A release dashboard showing a staged rollout of an AI feature with canary and rollback controls
Delivery & Ops

Ship AI Changes Safely: version pinning, canaries and rollbacks for UK SMEs in 14 days

If your AI assistant, search copilot or triage bot behaves differently on Monday than it did on Friday, you don’t have a product—you have a pilot. December is the perfect time to harden your release process so January’s updates don’t break customer journeys or budgets. This practical guide shows directors, ops leads and trustees how to ship AI changes safely in two weeks without grinding delivery to a halt.

Why this matters now: model providers retire and replace versions on a regular cadence. OpenAI and Anthropic both publish deprecation schedules and retirement dates—miss one and your service can fail overnight unless you’ve pinned versions and tested a migration path.

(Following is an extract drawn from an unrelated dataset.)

(* Let $f:\mathbb{R}^m\to\mathbb{R}\cup\{+\infty\}$ be a proper lower semicontinuous convex function such that $\mathrm{bdry}(S_f)\subseteq f^{-1}(0)$. Then the following are equivalent: (i) there exists $\tau\in(0,+\infty)$ such that $\inf\left\{\left|\min_{\|h\|=1}f'(\bar x,h)\right|:\bar x\in\mathrm{bdry}(S_f)\right\}>\tau$ and the following qualification condition (QC) holds: for any sequence $\{z_k\}\subseteq S_f\setminus\mathrm{bdry}(S_f)$ for which there is a sequence $\{x_k\}\subseteq\mathrm{bdry}(S_f)$ with $\lim_{k\to\infty}\frac{f(z_k)-f(x_k)}{\|z_k-x_k\|}=0$, one has $\liminf_{k\to\infty}\left|\min_{\|h\|=1}f'(z_k,h)\right|>\tau$; (ii) there exist constants $c,\varepsilon\in(0,+\infty)$ such that for every proper lsc convex $g:\mathbb{R}^m\to\mathbb{R}\cup\{+\infty\}$ satisfying $\mathrm{bdry}(S_f)\cap g^{-1}(0)\neq\emptyset$ and $\mathrm{Lip}(f-g)<\varepsilon$, one has $\tau_{\min}(g)\le c$; (iii) there exist constants $c,\varepsilon>0$ such that for every $\bar x\in\mathrm{bdry}(S_f)$ and every $u\in\mathbb{R}^m$ with $\|u\|\le1$, one has $\tau_{\min}(g_{u,\varepsilon})\le c$, where $g_{u,\varepsilon}(x):=f(x)+\varepsilon\langle u,x-\bar x\rangle$ for all $x\in\mathbb{R}^m$.
   Context: $\mathbb{R}^m$ carries the Euclidean norm, $d(x,D)=\inf\{\|x-y\|:y\in D\}$, $\mathrm{bdry}(D)$ is the boundary of $D$. $f'(\bar x,h):=\lim_{t\to0^+}\frac{f(\bar x+th)-f(\bar x)}{t}$ is the directional derivative. For a proper lsc convex $g$, $S_g:=\{x: g(x)\le0\}$ and the global error bound modulus is $\tau_{\min}(g):=\inf\{\tau>0: d(x,S_g)\le\tau[g(x)]_+\ \forall x\in\mathbb{R}^m\}$, where $[t]_+=\max\{t,0\}$ and $\inf\emptyset=+\infty$. For a map $\phi$, $\mathrm{Lip}(\phi):=\sup_{u\neq v}\frac{|\phi(u)-\phi(v)|}{\|u-v\|}$. *)

theory Defs
  imports "HOL-Analysis.Analysis" "HOL-Library.Extended_Real" "HOL-Library.Liminf_Limsup"
begin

Build change control around these calendars, not after the fact. platform.openai.com

What “good” looks like for AI releases

  • Stable behaviour: You pin model versions and prompts, run a short canary, then graduate traffic in stages—protecting your service level objectives (SLOs) and error budget. sre.google
  • Predictable cost: You set per-route token and latency thresholds; any spike during canary auto-pauses the rollout.
  • Safe updates: Your process follows recognised secure-by-design guidance for AI systems (secure design, development, deployment and operation). cisa.gov

If you’re still defining SLOs and on-call, start there first, then return to this playbook. See our AI runbook & SLOs guide and the 7‑day reliability sprint for foundations.

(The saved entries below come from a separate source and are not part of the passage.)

lemma salg_assoc_r:
  fixes f g h :: "'b \<Rightarrow> 'k::field"
  assumes "finite (fsupp f)" "finite (fsupp g)" "finite (fsupp h)"
  shows "amul (salg B pp U) f (amul (salg B pp U) g h) w =
    (\<Sum>u\<in>fsupp f. \<Sum>v\<in>fsupp g. \<Sum>z\<in>fsupp h.
        if Option.bind (pp v z) (\<lambda>y. pp u y) = Some w then f u * g v * h z else 0)"
proof -
  let ?M = "amul (salg B pp U)"
  define Y where "Y = {w. \<exists>u\<in>fsupp g. \<exists>v\<in>fsupp h. pp u v = Some w}"
  have fY: "finite Y" unfolding Y_def by (rule finite_partial_products[OF assms(2,3)])
  have sY: "fsupp (?M g h) \<subseteq> Y" unfolding Y_def by (rule salg_mul_supp)
  have "?M f (?M g h) w = (\<Sum>u\<in>fsupp f. \<Sum>y\<in>Y. if pp u y = Some w then f u * ?M g h y else 0)"
    by (rule salg_mul_eq[OF assms(1) subset_refl fY sY])
  also have "\<dots> = (\<Sum>u\<in>fsupp f. \<Sum>y\<in>Y. \<Sum>v\<in>fsupp g. \<Sum>z\<in>fsupp h.
       if pp v z = Some y \<and> pp u y = Some w then f u * g v * h z else 0)"
    apply (intro sum.cong refl)
    subgoal for u y
      apply (subst salg_mul_eq[OF assms(2) subset_refl assms(3) subset_refl])
      apply (cases "pp u y = Some w")
       apply (simp add: sum_distrib_left mult.assoc)
       apply (intro sum.cong refl, simp)
      by simp
    done
  also have "\<dots> = (\<Sum>u\<in>fsupp f. \<Sum>v\<in>fsupp g. \<Sum>z\<in>fsupp h. \<Sum>y\<in>Y.
       if pp v z = Some y \<and> pp u y = Some w then f u * g v * h z else 0)"
    by (rule sum.cong[OF refl], rule sum_rotate3)
  also have "\<dots> = (\<Sum>u\<in>fsupp f. \<Sum>v\<in>fsupp g. \<Sum>z\<in>fsupp h.
        if Option.bind (pp v z) (\<lambda>y. pp u y) = Some w then f u * g v * h z else 0)"
  proof (intro sum.cong refl)
    fix u v z assume uv: "u \<in> fsupp f" "v \<in> fsupp g" "z \<in> fsupp h"
    have "(\<Sum>y\<in>Y. if pp v z = Some y \<and> pp u y = Some w then f u * g v * h z else 0)
       = (if (\<exists>y. pp v z = Some y \<and> pp u y = Some w) then f u * g v * h z else 0)"
      by (rule sum_opt_delta[OF fY]) (use uv in \<open>auto simp: Y_def\<close>)
    also have "\<dots> = (if Option.bind (pp v z) (\<lambda>y. pp u y) = Some w then f u * g v * h z else 0)"
      by (cases "pp v z") auto
    finally show "(\<Sum>y\<in>Y. if pp v z = Some y \<and> pp u y = Some w then f u * g v * h z else 0)
       = (if Option.bind (pp v z) (\<lambda>y. pp u y) = Some w then f u * g v * h z else 0)" .
  qed
  finally show ?thesis .
qed

lemma fsupp_add: "fsupp (\<lambda>x. f x + g x) \<subseteq> fsupp f \<union> fsupp (g :: _ \<Rightarrow> 'k::field)" by (auto simp: fsupp_iff)
lemma fsupp_sm: "fsupp (\<lambda>x. c * f x) \<subseteq> fsupp (f :: _ \<Rightarrow> 'k::field)" by (auto simp: fsupp_iff)
lemma fsupp_zero[simp]: "fsupp (\<lambda>x. 0 :: 'k::field) = {}" by (auto simp: fsupp_iff)
lemma fsupp_ind[simp]: "fsupp (\<lambda>x. if x \<in> U then (1::'k::field) else 0) = U" by (auto simp: fsupp_iff split: if_splits)
lemma sum_unique_defined:
  fixes c :: "'k::field"
  assumes "finite U" "t0 \<in> U" "\<forall>t'\<in>U. t' \<noteq> t0 \<longrightarrow> ob t' = None"
  shows "(\<Sum>t\<in>U. if ob t = Some w then c else 0) = (if ob t0 = Some w then c else 0)"
proof -
  have "(\<Sum>t\<in>U. if ob t = Some w then c else 0) = (\<Sum>t\<in>U. if t = t0 then (if ob t0 = Some w then c else 0) else 0)"
    using assms by (intro sum.cong) auto
  also have "\<dots> = (if ob t0 = Some w then c else 0)" using assms by (simp add: sum.delta)
  finally show ?thesis .
qed

lemma if_add_zero: "(if P then a + b else 0) = (if P then a else 0) + (if P then b else (0::'a::monoid_add))"
  by simp

locale partial_product =
  fixes B :: "'b set" and pp :: "'b \<Rightarrow> 'b \<Rightarrow> 'b option" and U :: "'b set"
  assumes closed: "\<And>u v w. u \<in> B \<Longrightarrow> v \<in> B \<Longrightarrow> pp u v = Some w \<Longrightarrow> w \<in> B"
    and assoc: "\<And>u v z. u \<in> B \<Longrightarrow> v \<in> B \<Longrightarrow> z \<in> B \<Longrightarrow>
        Option.bind (pp u v) (\<lambda>x. pp x z) = Option.bind (pp v z) (\<lambda>y. pp u y)"
    and fU: "finite U" and UB: "U \<subseteq> B"
    and lunit: "\<And>v. v \<in> B \<Longrightarrow> \<exists>t\<in>U. pp t v = Some v \<and> (\<forall>t'\<in>U. t' \<noteq> t \<longrightarrow> pp t' v = None)"
    and runit: "\<And>v. v \<in> B \<Longrightarrow> \<exists>t\<in>U. pp v t = Some v \<and> (\<forall>t'\<in>U. t' \<noteq> t \<longrightarrow> pp v t' = None)"
begin

lemma salg_mul_closed:
  fixes f g :: "'b \<Rightarrow> 'k::field"
  assumes f: "f \<in> acar (salg B pp U)" and g: "g \<in> acar (salg B pp U)"
  shows "amul (salg B pp U) f g \<in> acar (salg B pp U)"
proof -
  let ?W = "{w. \<exists>u\<in>fsupp f. \<exists>v\<in>fsupp g. pp u v = Some w}"
  have fin: "finite (fsupp f)" "finite (fsupp g)" "fsupp f \<subseteq> B" "fsupp g \<subseteq> B"
    using f g by (auto simp: salg_simps)
  have "finite ?W" by (rule finite_partial_products) (use fin in auto)
  moreover have "?W \<subseteq> B" using fin closed by blast
  ultimately show ?thesis using salg_mul_supp[of B pp U f g] by (auto simp: salg_simps intro: finite_subset)
qed

lemma salg_mul_assoc:
  fixes f g h :: "'b \<Rightarrow> 'k::field"
  assumes f: "f \<in> acar (salg B pp U)" and g: "g \<in> acar (salg B pp U)" and h: "h \<in> acar (salg B pp U)"
  shows "amul (salg B pp U) (amul (salg B pp U) f g) h = amul (salg B pp U) f (amul (salg B pp U) g h)"
proof
  fix w
  have fin: "finite (fsupp f)" "finite (fsupp g)" "finite (fsupp h)"
    "fsupp f \<subseteq> B" "fsupp g \<subseteq> B" "fsupp h \<subseteq> B" using f g h by (auto simp: salg_simps)
  show "amul (salg B pp U) (amul (salg B pp U) f g) h w = amul (salg B pp U) f (amul (salg B pp U) g h) w"
    unfolding salg_assoc_l[OF fin(1-3)] salg_assoc_r[OF fin(1-3)]
    using fin(4-6) assoc by (intro sum.cong refl) (simp add: subset_iff)
qed

lemma salg_one_mul:
  fixes f :: "'b \<Rightarrow> 'k::field"
  assumes f: "f \<in> acar (salg B pp U)"
  shows "amul (salg B pp U) (aone (salg B pp U)) f = f"
proof
  fix w
  have fin: "finite (fsupp f)" "fsupp f \<subseteq> B" using f by (auto simp: salg_simps)
  have "amul (salg B pp U) (aone (salg B pp U)) f w = (\<Sum>t\<in>U. \<Sum>v\<in>fsupp f. if pp t v = Some w then 1 * f v else 0)"
    by (subst salg_mul_eq[OF fU _ fin(1) subset_refl]) (auto simp: salg_simps intro!: sum.cong)
  also have "\<dots> = (\<Sum>v\<in>fsupp f. \<Sum>t\<in>U. if pp t v = Some w then f v else 0)"
    by (subst sum.swap) (simp add: cong: if_cong)
  also have "\<dots> = (\<Sum>v\<in>fsupp f. if v = w then f v else 0)"
  proof (rule sum.cong[OF refl])
    fix v assume "v \<in> fsupp f"
    then obtain t0 where t0: "t0 \<in> U" "pp t0 v = Some v" "\<forall>t'\<in>U. t' \<noteq> t0 \<longrightarrow> pp t' v = None"
      using lunit fin(2) by blast
    show "(\<Sum>t\<in>U. if pp t v = Some w then f v else 0) = (if v = w then f v else 0)"
      using sum_unique_defined[OF fU t0(1) t0(3), where w=w and c="f v"] t0(2) by simp
  qed
  also have "\<dots> = f w" using fin(1) by (simp add: sum.delta fsupp_iff)
  finally show "amul (salg B pp U) (aone (salg B pp U)) f w = f w" .
qed

lemma salg_mul_one:
  fixes f :: "'b \<Rightarrow> 'k::field"
  assumes f: "f \<in> acar (salg B pp U)"
  shows "amul (salg B pp U) f (aone (salg B pp U)) = f"
proof
  fix w
  have fin: "finite (fsupp f)" "fsupp f \<subseteq> B" using f by (auto simp: salg_simps)
  have "amul (salg B pp U) f (aone (salg B pp U)) w = (\<Sum>v\<in>fsupp f. \<Sum>t\<in>U. if pp v t = Some w then f v * 1 else 0)"
    by (subst salg_mul_eq[OF fin(1) subset_refl fU]) (auto simp: salg_simps intro!: sum.cong)
  also have "\<dots> = (\<Sum>v\<in>fsupp f. if v = w then f v else 0)"
  proof (rule sum.cong[OF refl])
    fix v assume "v \<in> fsupp f"
    then obtain t0 where t0: "t0 \<in> U" "pp v t0 = Some v" "\<forall>t'\<in>U. t' \<noteq> t0 \<longrightarrow> pp v t' = None"
      using runit fin(2) by blast
    show "(\<Sum>t\<in>U. if pp v t = Some w then f v * 1 else 0) = (if v = w then f v else 0)"
      using sum_unique_defined[OF fU t0(1) t0(3), where w=w and c="f v * 1"] t0(2) by simp
  qed
  also have "\<dots> = f w" using fin(1) by (simp add: sum.delta fsupp_iff)
  finally show "amul (salg B pp U) f (aone (salg B pp U)) w = f w" .
qed

end

lemma salg_distl:
  fixes f g h :: "'b \<Rightarrow> 'k::field"
  assumes "finite (fsupp f)" "finite (fsupp g)" "finite (fsupp h)"
  shows "amul (salg B pp U) f (\<lambda>x. g x + h x) = (\<lambda>x. amul (salg B pp U) f g x + amul (salg B pp U) f h x)"
proof
  fix w
  let ?T = "fsupp g \<union> fsupp h"
  have fT: "finite ?T" using assms by simp
  have "amul (salg B pp U) f (\<lambda>x. g x + h x) w =
      (\<Sum>u\<in>fsupp f. \<Sum>v\<in>?T. if pp u v = Some w then f u * (g v + h v) else 0)"
    by (rule salg_mul_eq[OF assms(1) subset_refl fT]) (use fsupp_add[of g h] in auto)
  also have "\<dots> = (\<Sum>u\<in>fsupp f. \<Sum>v\<in>?T. if pp u v = Some w then f u * g v else 0)
      + (\<Sum>u\<in>fsupp f. \<Sum>v\<in>?T. if pp u v = Some w then f u * h v else 0)"
    by (simp add: sum.distrib[symmetric] distrib_left if_add_zero cong: if_cong)
  finally show "amul (salg B pp U) f (\<lambda>x. g x + h x) w = amul (salg B pp U) f g w + amul (salg B pp U) f h w"
    by (simp add: salg_mul_eq[OF assms(1) subset_refl fT])
qed

lemma salg_distr:
  fixes f g h :: "'b \<Rightarrow> 'k::field"
  assumes "finite (fsupp f)" "finite (fsupp g)" "finite (fsupp h)"
  shows "amul (salg B pp U) (\<lambda>x. f x + g x) h = (\<lambda>x. amul (salg B pp U) f h x + amul (salg B pp U) g h x)"
proof
  fix w
  let ?T = "fsupp f \<union> fsupp g"
  have fT: "finite ?T" using assms by simp
  have "amul (salg B pp U) (\<lambda>x. f x + g x) h w =
      (\<Sum>u\<in>?T. \<Sum>v\<in>fsupp h. if pp u v = Some w then (f u + g u) * h v else 0)"
    by (rule salg_mul_eq[OF fT _ assms(3) subset_refl]) (use fsupp_add[of f g] in auto)
  also have "\<dots> = (\<Sum>u\<in>?T. \<Sum>v\<in>fsupp h. if pp u v = Some w then f u * h v else 0)
      + (\<Sum>u\<in>?T. \<Sum>v\<in>fsupp h. if pp u v = Some w then g u * h v else 0)"
    by (simp add: sum.distrib[symmetric] distrib_right if_add_zero cong: if_cong)
  finally show "amul (salg B pp U) (\<lambda>x. f x + g x) h w = amul (salg B pp U) f h w + amul (salg B pp U) g h w"
    by (simp add: salg_mul_eq[OF fT _ assms(3) subset_refl])
qed

lemma salg_sm_mul:
  fixes f g :: "'b \<Rightarrow> 'k::field"
  assumes "finite (fsupp f)" "finite (fsupp g)"
  shows "amul (salg B pp U) (\<lambda>x. c * f x) g = (\<lambda>x. c * amul (salg B pp U) f g x)"
proof
  fix w
  have "amul (salg B pp U) (\<lambda>x. c * f x) g w =
      (\<Sum>u\<in>fsupp f. \<Sum>v\<in>fsupp g. if pp u v = Some w then (c * f u) * g v else 0)"
    by (rule salg_mul_eq[OF assms(1) _ assms(2) subset_refl]) (use fsupp_sm[of c f] in auto)
  then show "amul (salg B pp U) (\<lambda>x. c * f x) g w = c * amul (salg B pp U) f g w"
    by (simp add: salg_mul_eq[OF assms(1) subset_refl assms(2) subset_refl] sum_distrib_left if_distrib
        mult.assoc cong: if_cong)
qed

lemma salg_mul_sm:
  fixes f g :: "'b \<Rightarrow> 'k::field"
  assumes "finite (fsupp f)" "finite (fsupp g)"
  shows "amul (salg B pp U) f (\<lambda>x. c * g x) = (\<lambda>x. c * amul (salg B pp U) f g x)"
proof
  fix w
  have "amul (salg B pp U) f (\<lambda>x. c * g x) w =
      (\<Sum>u\<in>fsupp f. \<Sum>v\<in>fsupp g. if pp u v = Some w then f u * (c * g v) else 0)"
    by (rule salg_mul_eq[OF assms(1) subset_refl assms(2)]) (use fsupp_sm[of c g] in auto)
  then show "amul (salg B pp U) f (\<lambda>x. c * g x) w = c * amul (salg B pp U) f g w"
    by (simp add: salg_mul_eq[OF assms(1) subset_refl assms(2) subset_refl] sum_distrib_left if_distrib
        mult.left_commute cong: if_cong)
qed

The 14‑day safe‑release playbook

Days 1–2 — Inventory and pin

  • List every changeable AI asset: model IDs/versions, prompts, tools/functions, RAG index versions, safety policies, feature flags.
  • Pin versions in config. Note “provider retirement” dates in your change calendar (OpenAI/Anthropic deprecations). platform.openai.com
  • Create a “kill switch” flag per AI feature. Keep flags centralised and auditable (avoid toggle sprawl). martinfowler.com

Days 3–4 — Golden tests and baselines

  • Assemble a golden set of 50–200 real, representative queries for each workflow: customer service, triage, internal search, document drafting.
  • Record baseline metrics on your current production version: success rate, harmful output rate, latency, cost per request, average tokens.
  • Include adversarial prompts from OWASP LLM Top 10 (prompt injection, sensitive info leakage) to spot regressions early. owasp.org

Days 5–6 — Pre‑release evaluation

  • Run the candidate model/prompt against the golden set. Only proceed if it meets or beats baseline on your blocking metrics (below).
  • Have a written rollback trigger: e.g., harmful output rate > 0.5% or £/100 requests +15% vs baseline.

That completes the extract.